Between June and August 2012, 1,038 South Sudanese nationals who had entered Israel illegally and were living primarily in Arad, Beersheba, Eilat or Tel Aviv were airlifted to Juba. Those who volunteered to leave received a lump sum of about $1,000; others lost their jobs beginning in March, as their Israeli employers feared being penalized, and were subsequently arrested before being deported. Families were split up, women and children being detained at the Saharonim and Ketzi’ot centers, while men were sent to Givon.26 Following the deportation, an Israeli volunteer group organized the Come True project to provide a good education for a number of the children deported to South Sudan. Israeli donors support this project at a cost of about $1,200 a year per student, and the children are educated at six boarding schools in Uganda and Kenya, though the base of operations is at the Trinity School in Kampala. For a number of children, their earliest memories are of Israel, and they speak Hebrew; they hope to receive their higher education in Israel and return to South Sudan when peace is fully restored.27Despite the hardships for their parents, who are in still in South Sudan or in refugee camps in Uganda and Kenya, these children have developed a lasting affinity for Israel.

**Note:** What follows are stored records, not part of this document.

(* In the setting of the construction below, the set $\mathbb U$ is dense in $\mathbb U\cup\mathbb P$ (every tree in $\mathbb U\cup\mathbb P$ contains a tree in $\mathbb U$), and the set $\mathbb U\times_{E_0}\mathbb U$ is dense in $(\mathbb P\cup\mathbb U)\times_{E_0}(\mathbb P\cup\mathbb U)$.
   Context: Notation. $2^{<\omega}$ is the set of finite binary strings, $\Lambda$ the empty string, $\mathrm{lh}(s)$ the length of $s$, $2^n$ the set of strings of length $n$, $s\subseteq t$ means $t$ extends $s$, $s^\frown t$ concatenation. For strings $s,t$ with $\mathrm{lh}(s)\le\mathrm{lh}(t)$, $s\cdot t$ is the string of length $\mathrm{lh}(t)$ with $(s\cdot t)(k)=t(k)+s(k)\bmod 2$ for $k<\mathrm{lh}(s)$ and $(s\cdot t)(k)=t(k)$ otherwise; if $\mathrm{lh}(s)>\mathrm{lh}(t)$ then $s\cdot t=(s\restriction\mathrm{lh}(t))\cdot t$. For $T\subseteq 2^{<\omega}$, $s\cdot T=\{s\cdot t:t\in T\}$. For a tree $T$ and $s\in T$, $T\upharpoonright s=\{t\in T:s\subseteq t\lor t\subseteq s\}$. A perfect tree is a nonempty tree $T\subseteq 2^{<\omega}$ with no endpoints and no isolated branches; its stem $\mathrm{stem}(T)$ is the largest $s\in T$ with $T=T\upharpoonright s$. A perfect tree $T$ is large, written $T\in\mathbf{LT}$, if there are nonempty strings $q^i_n$ ($n<\omega$, $i=0,1$) with $\mathrm{lh}(q^0_n)=\mathrm{lh}(q^1_n)\ge1$ and $q^i_n(0)=i$, such that $T$ consists exactly of all initial segments of strings $r^\frown q^{i(0)}_0{}^\frown\cdots{}^\frown q^{i(n)}_n$, where $r=\mathrm{stem}(T)$, $n<\omega$, $i(0),\dots,i(n)\in\{0,1\}$. Its splitting levels are $\mathrm{spl}_0(T)=\mathrm{lh}(r)$, $\mathrm{spl}_{n+1}(T)=\mathrm{spl}_n(T)+\mathrm{lh}(q^0_n)$. For $T\in\mathbf{LT}$ and $i\in\{0,1\}$, $T(\to i)=T\upharpoonright(\mathrm{stem}(T)^\frown i)$; for $s\in 2^n$ with $n\ge1$, $T(\to s)=(\cdots((T(\to s(0)))(\to s(1)))\cdots)(\to s(n-1))$, and $T(\to\Lambda)=T$. For $S,T\in\mathbf{LT}$, $S\subseteq_n T$ means $S\subseteq T$ and $\mathrm{spl}_k(S)=\mathrm{spl}_k(T)$ for all $k<n$. A large-tree forcing notion (LTF) is a set $\mathbb P\subseteq\mathbf{LT}$ such that $T\upharpoonright u\in\mathbb P$ whenever $u\in T\in\mathbb P$, and $s\cdot T\in\mathbb P$ whenever $T\in\mathbb P$ and $s\in 2^{<\omega}$; ordered by inclusion. $\mathbf{LC}_n(\mathbb P)$ is the set of $T\in\mathbf{LT}$ with $T(\to s)\in\mathbb P$ for all $s\in 2^n$. For a set $\mathbb Q$ of trees, $\mathbb Q\times_{E_0}\mathbb Q$ is the set of pairs $\langle T,T'\rangle$ of trees in $\mathbb Q$ with $T'=s\cdot T$ for some $s\in2^{<\omega}$, ordered componentwise by inclusion. Multitrees. A multitree is a sequence $\varphi=\langle\langle\tau^\varphi_k,p^\varphi_k\rangle:k<\omega\rangle$ with $p^\varphi_k\in\omega\cup\{-1\}$, such that the support $|\varphi|=\{k:p^\varphi_k\ne-1\}$ is finite; for $k\in|\varphi|$, $\tau^\varphi_k=\langle T^\varphi_k(0),\dots,T^\varphi_k(p^\varphi_k)\rangle$ with each $T^\varphi_k(n)\in\mathbf{LT}$ and $T^\varphi_k(n)\subseteq_n T^\varphi_k(n-1)$ for $1\le n\le p^\varphi_k$; for $k\notin|\varphi|$, $\tau^\varphi_k$ is empty. $\psi\preccurlyeq\varphi$ means $|\psi|\subseteq|\varphi|$ and for $k\in|\psi|$: $p^\varphi_k\ge p^\psi_k$ and $T^\varphi_k(n)=T^\psi_k(n)$ for all $n\le p^\psi_k$. $\mathbf{MT}(\mathbb P)$ is the set of multitrees $\varphi$ with $T^\varphi_k(n)\in\mathbf{LC}_n(\mathbb P)$ for all $k\in|\varphi|$, $n\le p^\varphi_k$. Construction. $\mathrm{ZFC}'$ is ZFC without the power set axiom plus the axiom that $\mathcal P(\omega)$ exists. Let $\mathfrak M$ be a countable transitive model of $\mathrm{ZFC}'$ and $\mathbb P\in\mathfrak M$ an LTF. Let $\Phi=\langle\varphi(j):j<\omega\rangle$ be a $\preccurlyeq$-increasing sequence in $\mathbf{MT}(\mathbb P)$ meeting every set $D\in\mathfrak M$, $D\subseteq\mathbf{MT}(\mathbb P)$, which is dense (every $\psi\in\mathbf{MT}(\mathbb P)$ has some $\varphi\in D$ with $\psi\preccurlyeq\varphi$). Then for each $k$ there are trees $T^\Phi_k(n)\in\mathbf{LC}_n(\mathbb P)$, $n<\omega$, with $T^\Phi_k(n+1)\subseteq_{n+1}T^\Phi_k(n)$, such that $T^{\varphi(j)}_k(n)=T^\Phi_k(n)$ whenever $k\in|\varphi(j)|$ and $n\le p^{\varphi(j)}_k$. Put $U^\Phi_k=\bigcap_n T^\Phi_k(n)\in\mathbf{LT}$, $U^\Phi_k(s)=U^\Phi_k(\to s)$ for $s\in 2^{<\omega}$, and $\mathbb U=\{\sigma\cdot U^\Phi_k(s):k<\omega,\ s,\sigma\in 2^{<\omega}\}$. *)

theory Defs
  imports Main "HOL-Library.Sublist" "HOL-Library.Countable_Set"
begin
theorem lemma6:
  fixes \<Omega> :: "'a measure"
    and M K N :: nat and S :: "nat set"
    and sh2 sz2 bbar p :: real and \<beta> :: "nat \<Rightarrow> real"
    and c :: "nat \<Rightarrow> 'a \<Rightarrow> nat"
    and g :: "nat \<Rightarrow> nat \<Rightarrow> nat \<Rightarrow> 'a \<Rightarrow> complex"
    and z :: "nat \<Rightarrow> nat \<Rightarrow> 'a \<Rightarrow> complex"
  assumes "prob_space \<Omega>"
    and "M \<ge> 1" "K \<ge> 1" "N \<ge> 1"
    and "S \<subseteq> {1..M}" "S \<noteq> {}"
    and "sh2 > 0" "sz2 > 0" "bbar > 0" "p > 0"
    and "\<And>m. m \<in> S \<Longrightarrow> \<beta> m > 0"
    and "\<And>m. m \<in> S \<Longrightarrow> c m \<in> measurable \<Omega> (count_space UNIV)"
    and "\<And>m \<omega>. m \<in> S \<Longrightarrow> \<omega> \<in> space \<Omega> \<Longrightarrow> c m \<omega> \<ge> 1"
    and "\<And>m k n. m \<in> S \<Longrightarrow> k \<in> {1..K} \<Longrightarrow> n \<in> {1..N} \<Longrightarrow> complex_normal \<Omega> (g m k n) sh2"
    and "\<And>k n. k \<in> {1..K} \<Longrightarrow> n \<in> {1..N} \<Longrightarrow> complex_normal \<Omega> (z k n) sz2"
    and "prob_space.indep_sets \<Omega> (rv_sigma \<Omega> S g z c) (rv_indices S K N)"
  shows "(\<Sum>n\<in>{1..2*N}. prob_space.expectation \<Omega>
            (\<lambda>\<omega>. (dtheta3 S K N sh2 bbar p \<beta> c g z n \<omega>)\<^sup>2))
         \<le> sz2 * real N / (p\<^sup>2 * real K * sh2) * (\<Sum>m\<in>S. \<beta> m / bbar\<^sup>2)"
proof -
  interpret prob_space \<Omega> by fact
  have "finite S" using \<open>S \<subseteq> {1..M}\<close> finite_subset by blast
  have "rv_var g z i \<in> borel_measurable \<Omega>" if "i \<in> rv_indices S K N - {Cfam}" for i
    using that assms(14,15) by (cases i) (auto simp: rv_indices_def rv_var_def complex_normal_def)
  note indep = indep_vars_rv_var[OF assms(16) this]
  have \<beta>_nonneg: "0 \<le> \<beta> m" if "m \<in> S" for m using assms(11)[OF that] by simp
  have C_ge: "p * sh2 * bbar \<le> C_tot S p c \<omega> * sh2 * bbar" if "\<omega> \<in> space \<Omega>" for \<omega>
    using \<open>p > 0\<close> assms(7,9,13) that
    by (intro mult_right_mono C_tot_ge[OF \<open>finite S\<close> \<open>S \<noteq> {}\<close>]) auto
  let ?E = "\<lambda>n. expectation (\<lambda>\<omega>. (dtheta3 S K N sh2 bbar p \<beta> c g z n \<omega>)\<^sup>2)"
  have "?E n + ?E (n + N) \<le> sh2 * sz2 * (\<Sum>m\<in>S. \<beta> m) / K / (p * sh2 * bbar)\<^sup>2"
    if n: "n \<in> {1..N}" for n
  proof -
    note moment = y_noise_second_moment[OF \<open>finite S\<close> \<beta>_nonneg indep assms(14,15,7,8) n]
    have "y_noise S K \<beta> g z n \<in> borel_measurable \<Omega>"
      using n assms(14,15) by (intro borel_measurable_y_noise) (auto simp: complex_normal_def)
    from expectation_dtheta3_pair_le[OF _ _ this moment(1) _ C_ge] show ?thesis
      using n moment(2) assms(7,9,10) by simp
  qed
  then have "(\<Sum>n\<in>{1..2*N}. ?E n) \<le> (\<Sum>n\<in>{1..N}. sh2 * sz2 * (\<Sum>m\<in>S. \<beta> m) / K / (p * sh2 * bbar)\<^sup>2)"
    unfolding sum_atLeastAtMost_1_double by (rule sum_mono)
  also have "\<dots> = sz2 * real N / (p\<^sup>2 * real K * sh2) * (\<Sum>m\<in>S. \<beta> m / bbar\<^sup>2)"
    using assms(7,9,10) by (simp add: sum_divide_distrib[symmetric] power2_eq_square field_simps)
  finally show ?thesis .
qed

end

As for bilateral relations between the governments of Israel and South Sudan, in July 2012, the two countries signed their first official agreement for Israel to provide assistance in desalination, irrigation, and water transport and purification projects in South Sudan. Israel’s energy and water minister, Uzi Landau, noted in his comments to South Sudan’s water and irrigation minister, Akec Paul Mayom, “You are among friends. ... The lessons from the stories of our people are similar. We have experienced ... inhumanity. Our duty is to ensure that this does not happen again.” He suggested that, given South Sudan’s lack of oil refineries, it should ship its crude to Israel in the future.28 However, as South Sudan’s two pipelines to the outside world pass through Sudan to the Red Sea, and some of the oil fields lie in territory both countries claim — at the time of the water agreement there were military skirmishes in the area — such an arrangement would be impossible given Sudan’s adversarial posture towards Israel, unless an alternate pipeline was constructed.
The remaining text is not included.